SHACL. The emergence of SHACL is making it easier to create ontologies that can work with both RDF and LPG. Because SHACL is focused primarily upon structure and constraint modelling, it can be translated into OpenCypher for execution in ways that are difficult to do with OWL. SHACL also does not presume dynamic inferencing (though there are areas of exploration here). My own belief is that SHACL will eventually be foundational not just for RDF, but at the broader level of data design and management, regardless of the encoding or storage method.
Graph Traversal has ironically always been a weakness of SPARQL. With OWL, traversal was primarily handled by creating superclasses that could be surfaced; however, due to performance limitations, the initial proposal for creating envelopes of traversal or path structures did not make it into the SPARQL specifications in either 2007 or 2013. This is where Gremlin and Tinkerpop come in, as well as several different magical properties in various implementations that allow for retrieving paths. These offer a potential template for generic actions that can be defined across systems. SPARQL 1.2 will likely incorporate such traversals, perhaps using Gremlin as the language.
What ultimately may come out of all of this is a generalised data path language (XPath was a good start in this direction, but the backlash from the JSON community was so strong in the late 2000s that the merits of the language never really got a fair hearing in the context of non-XML path languages. Paths and constraints play a significant role in SHACL as well, and the resolution of recursive path structures in SHACL may go a long way towards facilitating this (cf. https://shaclrules.com/article/Advanced_topics_in_SHACL_rules_such_as_inheritance_and_recursion.html)

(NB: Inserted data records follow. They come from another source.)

(* Let $n\ge2$ and $x=(x_1,\dots,x_n)\in\mathbb R^n$ with $x_i\ne0$ for all $i$ and $x_1+\dots+x_n=0$. Then $$\sum_{\substack{\sigma\in S_n\\ \pi_\sigma(x)\text{ allowed}}}G_n(\pi_\sigma(x))=0.$$
   Context: $S_n$ is the symmetric group on $\{1,\dots,n\}$, $\pi_\sigma(x)=(x_{\sigma(1)},\dots,x_{\sigma(n)})$. For $y\in\mathbb R^n$, $D_i(y)=y_1+\dots+y_i$; $y$ is called allowed if $D_i(y)\ne0$ for all $i=1,\dots,n-1$, and then $G_n(y)=\prod_{i=1}^{n-1}D_i(y)^{-1}$. *)

theory Defs
  imports Complex_Main "HOL-Combinatorics.Permutations"
begin

text \<open>Vectors y in R^n are represented as functions nat => real, using the entries y 1, ..., y n.
  Permutations sigma in S_n are functions with sigma permutes {1..n}.\<close>

definition perm_vec :: "(nat \<Rightarrow> nat) \<Rightarrow> (nat \<Rightarrow> real) \<Rightarrow> (nat \<Rightarrow> real)" where
  "perm_vec \<sigma> x = (\<lambda>i. x (\<sigma> i))"

definition partial_sum :: "(nat \<Rightarrow> real) \<Rightarrow> nat \<Rightarrow> real" where
  "partial_sum y i = (\<Sum>j=1..i. y j)"

definition allowed :: "nat \<Rightarrow> (nat \<Rightarrow> real) \<Rightarrow> bool" where
  "allowed n y \<longleftrightarrow> (\<forall>i\<in>{1..n-1}. partial_sum y i \<noteq> 0)"

definition G :: "nat \<Rightarrow> (nat \<Rightarrow> real) \<Rightarrow> real" where
  "G n y = (\<Prod>i=1..n-1. inverse (partial_sum y i))"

Recursion here is critical because most inheritance rules are, in fact, recursive rules with constraints. This is likely to shift the balance away from OWL and towards SHACL over the next decade.

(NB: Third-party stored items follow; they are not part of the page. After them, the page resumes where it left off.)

(* Let $P(s),C(s)$ be $n\times n$ real rational proper transfer function matrices with no poles in the closed right half-plane, such that the feedback system of $P$ and $C$ is well-posed. If $$\theta(P(j\omega))+\theta(C(j\omega))<\pi\quad\text{for all }\omega\in[-\infty,\infty],$$ then the feedback system is stable, i.e., $(I+C(s)P(s))^{-1}$ is proper with no poles in the closed right half-plane.
   Context: For a nonzero $A\in\mathbb{C}^{n\times n}$, the matrix singular angle $\theta(A)\in[0,\pi]$ is defined by $\cos\theta(A)=\inf\{\mathrm{Re}(x^*Ax)/(|x|\,|Ax|):0\ne x\in\mathbb{C}^n,\ Ax\ne0\}$; the frequency-wise singular angle is $\theta(P(j\omega))$ if $P(j\omega)\ne0$ and $0$ if $P(j\omega)=0$, where $P(j\pm\infty)=\lim_{\omega\to\pm\infty}P(j\omega)$. The feedback system of $P,C$ (with $u_1=e_1-y_2$, $u_2=e_2+y_1$, $y_1=Pu_1$, $y_2=Cu_2$) is well-posed if $(I+C(s)P(s))^{-1}$ exists and is proper, and (for such stable $P,C$) stable if and only if $(I+C(s)P(s))^{-1}$ is proper with no poles in the closed right half-plane. *)

theory Defs
  imports "HOL-Analysis.Analysis" "HOL-Computational_Algebra.Polynomial"
begin

definition rat_fun :: "real poly \<Rightarrow> real poly \<Rightarrow> complex \<Rightarrow> complex" where
  "rat_fun p q s = poly (map_poly complex_of_real p) s / poly (map_poly complex_of_real q) s"

definition real_rational_proper :: "(complex \<Rightarrow> complex^'n^'n) \<Rightarrow> bool" where
  "real_rational_proper G \<longleftrightarrow>
     (\<forall>i j. \<exists>p q. q \<noteq> 0 \<and> degree p \<le> degree q \<and> (\<forall>s. G s $ i $ j = rat_fun p q s))"

definition real_rational_proper_stable :: "(complex \<Rightarrow> complex^'n^'n) \<Rightarrow> bool" where
  "real_rational_proper_stable G \<longleftrightarrow>
     (\<forall>i j. \<exists>p q. q \<noteq> 0 \<and> degree p \<le> degree q \<and>
        (\<forall>s. Re s \<ge> 0 \<longrightarrow> poly (map_poly complex_of_real q) s \<noteq> 0) \<and>
        (\<forall>s. G s $ i $ j = rat_fun p q s))"

text \<open>M is the inverse of the rational matrix I + C P (equality of rational
  matrices, i.e. pointwise identity away from finitely many points).\<close>
definition is_inverse_IpCP ::
  "(complex \<Rightarrow> complex^'n^'n) \<Rightarrow> (complex \<Rightarrow> complex^'n^'n) \<Rightarrow> (complex \<Rightarrow> complex^'n^'n) \<Rightarrow> bool" where
  "is_inverse_IpCP M P C \<longleftrightarrow> finite {s. M s ** (mat 1 + C s ** P s) \<noteq> mat 1}"

definition well_posed :: "(complex \<Rightarrow> complex^'n^'n) \<Rightarrow> (complex \<Rightarrow> complex^'n^'n) \<Rightarrow> bool" where
  "well_posed P C \<longleftrightarrow> (\<exists>M. real_rational_proper M \<and> is_inverse_IpCP M P C)"

definition feedback_stable :: "(complex \<Rightarrow> complex^'n^'n) \<Rightarrow> (complex \<Rightarrow> complex^'n^'n) \<Rightarrow> bool" where
  "feedback_stable P C \<longleftrightarrow> (\<exists>M. real_rational_proper_stable M \<and> is_inverse_IpCP M P C)"

definition cinner :: "complex^'n \<Rightarrow> complex^'n \<Rightarrow> complex" where
  "cinner x y = (\<Sum>i\<in>UNIV. cnj (x $ i) * y $ i)"

definition sing_angle :: "complex^'n^'n \<Rightarrow> real" where
  "sing_angle A = arccos (Inf {Re (cinner x (A *v x)) / (norm x * norm (A *v x)) | x.
                                  x \<noteq> 0 \<and> A *v x \<noteq> 0})"

definition freq_angle :: "complex^'n^'n \<Rightarrow> real" where
  "freq_angle A = (if A = 0 then 0 else sing_angle A)"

In effect, what is happening is that knowledge graph engines are shifting into generalised data systems for managing complex, robust, interconnected content. However, in many respects, most other data systems can be abstracted in ways that allow them to be seen as knowledge graph systems with optimisation for specific types of operations. These ultimately point towards the unification of data access and update, regardless of whether you’re talking about RDF, OpenCypher, Key/Value Servers, column stores, or relational databases.
This does not solve the ontology problem - you still need to have ways of dealing with semantic differences in representation - but we are likely within a few years of being able to query or update any symbolic data store with a single stack of standards. This will go a long way towards making data and application integration feasible and manageable.

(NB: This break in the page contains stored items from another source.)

lemma rb_depths_ends:
  assumes "ins_rb n 0 t \<in> L" "ins_rb n (rb_length t) t \<in> L"
  shows "rb_depths L n up t \<noteq> []"
    and "hd (rb_depths L n up t) = (if up then rb_length t else 0)"
    and "last (rb_depths L n up t) = (if up then 0 else rb_length t)"
proof -
  let ?ds = "filter (\<lambda>i. ins_rb n i t \<in> L) [0..<Suc (rb_length t)]"
  have "?ds = 0 # filter (\<lambda>i. ins_rb n i t \<in> L) [Suc 0..<Suc (rb_length t)]"
    using assms(1) by (simp add: upt_conv_Cons del: upt_Suc)
  moreover have "?ds = filter (\<lambda>i. ins_rb n i t \<in> L) [0..<rb_length t] @ [rb_length t]"
    using assms(2) by simp
  ultimately have "?ds \<noteq> []" "hd ?ds = 0" "last ?ds = rb_length t" by (metis list.sel(1) list.distinct(1),
      metis list.sel(1), metis last_snoc)
  then show "rb_depths L n up t \<noteq> []" "hd (rb_depths L n up t) = (if up then rb_length t else 0)"
    "last (rb_depths L n up t) = (if up then 0 else rb_length t)"
    by (simp_all add: rb_depths_def hd_rev last_rev del: upt_Suc)
qed

lemma set_block: "set (block L n up t) = {ins_rb n i t | i. i \<le> rb_length t \<and> ins_rb n i t \<in> L}"
  by (auto simp: block_def set_rb_depths)

lemma distinct_block: "distinct (block L n up t)"
  unfolding block_def distinct_map
  using distinct_rb_depths by (auto simp: set_rb_depths inj_on_def dest: ins_rb_inj)

lemma block_ends:
  assumes "ins_rb n 0 t \<in> L" "ins_rb n (rb_length t) t \<in> L"
  shows "block L n up t \<noteq> []"
    and "hd (block L n up t) = ins_rb n (if up then rb_length t else 0) t"
    and "last (block L n up t) = ins_rb n (if up then 0 else rb_length t) t"
  using rb_depths_ends[OF assms, of up] by (simp_all add: block_def hd_map last_map)

lemma set_zigzag:
  "set (zigzag L n up ts) = {ins_rb n i t | t i. t \<in> set ts \<and> i \<le> rb_length t \<and> ins_rb n i t \<in> L}"
  by (induction ts arbitrary: up) (auto simp: set_block)

lemma zigzag_append:
  "zigzag L n up (ts @ us) = zigzag L n up ts @ zigzag L n (if even (length ts) then up else \<not> up) us"
  by (induction ts arbitrary: up) auto

lemma distinct_zigzag: "distinct ts \<Longrightarrow> distinct (zigzag L n up ts)"
proof (induction ts arbitrary: up)
  case (Cons t ts)
  have "set (block L n up t) \<inter> set (zigzag L n (\<not> up) ts) = {}"
    using Cons.prems by (auto simp: set_block set_zigzag dest: ins_rb_inj)
  then show ?case using Cons distinct_block by simp
qed simp

lemma minimal_slide_within_block:
  assumes n: "n \<notin> set_tree t" and j: "0 < j" "j < length (rb_depths L n up t)"
  shows "minimal_slide L up n (ins_rb n (rb_depths L n up t ! (j - 1)) t) (ins_rb n (rb_depths L n up t ! j) t)"
proof -
  let ?ds = "rb_depths L n up t"
  have sorted: "sorted_wrt (precedes up) ?ds" by (rule sorted_wrt_precedes_rb_depths)
  have "?ds ! (j - 1) \<in> set ?ds" "?ds ! j \<in> set ?ds" using j by auto
  then have "?ds ! (j - 1) \<le> rb_length t" "?ds ! j \<le> rb_length t" "ins_rb n (?ds ! j) t \<in> L"
    by (auto simp: set_rb_depths)
  then show ?thesis
  proof (rule minimal_slide_ins_rbI[OF n])
    show "precedes up (?ds ! (j - 1)) (?ds ! j)" using sorted_wrt_nth_less[OF sorted, of "j - 1" j] j by simp
    show "ins_rb n q t \<notin> L"
      if "q \<le> rb_length t" "precedes up (?ds ! (j - 1)) q" "precedes up q (?ds ! j)" for q
      using sorted_wrt_no_between[OF sorted precedes_asym, of "j - 1" q] that j by (auto simp: set_rb_depths)
  qed
qed

lemma minimal_slide_back_within_block:
  assumes n: "n \<notin> set_tree t" and j: "0 < j" "j < length (rb_depths L n up t)"
    and T: "minimal_slide L (\<not> up) n (ins_rb n (rb_depths L n up t ! (j - 1)) t) T"
  shows "T \<in> set (take (j - 1) (block L n up t))"
proof -
  let ?ds = "rb_depths L n up t"
  have "?ds ! (j - 1) \<le> rb_length t" using j nth_mem[of "j - 1" ?ds] by (auto simp: set_rb_depths)
  then obtain p where p: "p \<le> rb_length t" "T = ins_rb n p t" "T \<in> L" "precedes up p (?ds ! (j - 1))"
    using minimal_slide_ins_rbD[OF n _ T] precedes_Not by blast
  then have "p \<in> set (take (j - 1) ?ds)"
    using in_set_take_if_sorted_wrt[OF sorted_wrt_precedes_rb_depths[of up L n t] precedes_asym, of "j - 1"] j
    by (simp add: set_rb_depths)
  then show ?thesis using p(2) by (auto simp: block_def take_map)
qed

Symbolic versus/and Neural Network AI
GenAI upset the apple cart. In late 2022, I recall telling the CEO of a graph engine company that everything was about to change, as ChatGPT went from being pretty bad to being pretty good, and all of a sudden, LLMs were everywhere. Many people who had been working on the symbolic side were suddenly faced with something that had the potential to devastate the field entirely.
However, by late 2023, there were new terms that were being tossed about - Retrieval Augmented Generation, hallucinations, context loss, and model degradation. It turned out that creating a giant database by slurping up the entirety of the Internet didn’t make for true artificial intelligence. Indeed, one of the biggest lessons to emerge from that time was that LLMs were very good at making things up, but that it was a pretty crappy database.
This shouldn’t have been that surprising. We went through this with Hadoop about a decade before, in which an innovative new technology - distributed map/reduce across grid computing took the programming and data analytics world by storm. Hadoop was a powerful technique for processing, especially since one of its most common uses was in indexing.
All data systems are built around indexing. A key/value store, for instance, is a recursive bare index. A knowledge graph engine is built around about six core indexes, with the use of named graphs adding another layer of indexing. Indexing makes possible quick access to resources, but it also requires some form of curational pre-processing. In essence, with an index, you are creating a memory of essential searches so that you don’t have to perform the hard work every time you query.
Hadoop got this part of the process right, but forgot that there was much more to a database than its index. Performance, ACID transactional integrity, security, and ease of use all become critical for adoption. The reality was that Hadoop databases were slow, awkward to work with, and lacked many of the features that other databases had incorporated a decade earlier. Within a few years, Hadoop had faded (though not without changing the dynamic for large-scale cloud computing), and it may have been, in hindsight, Java’s last hurrah.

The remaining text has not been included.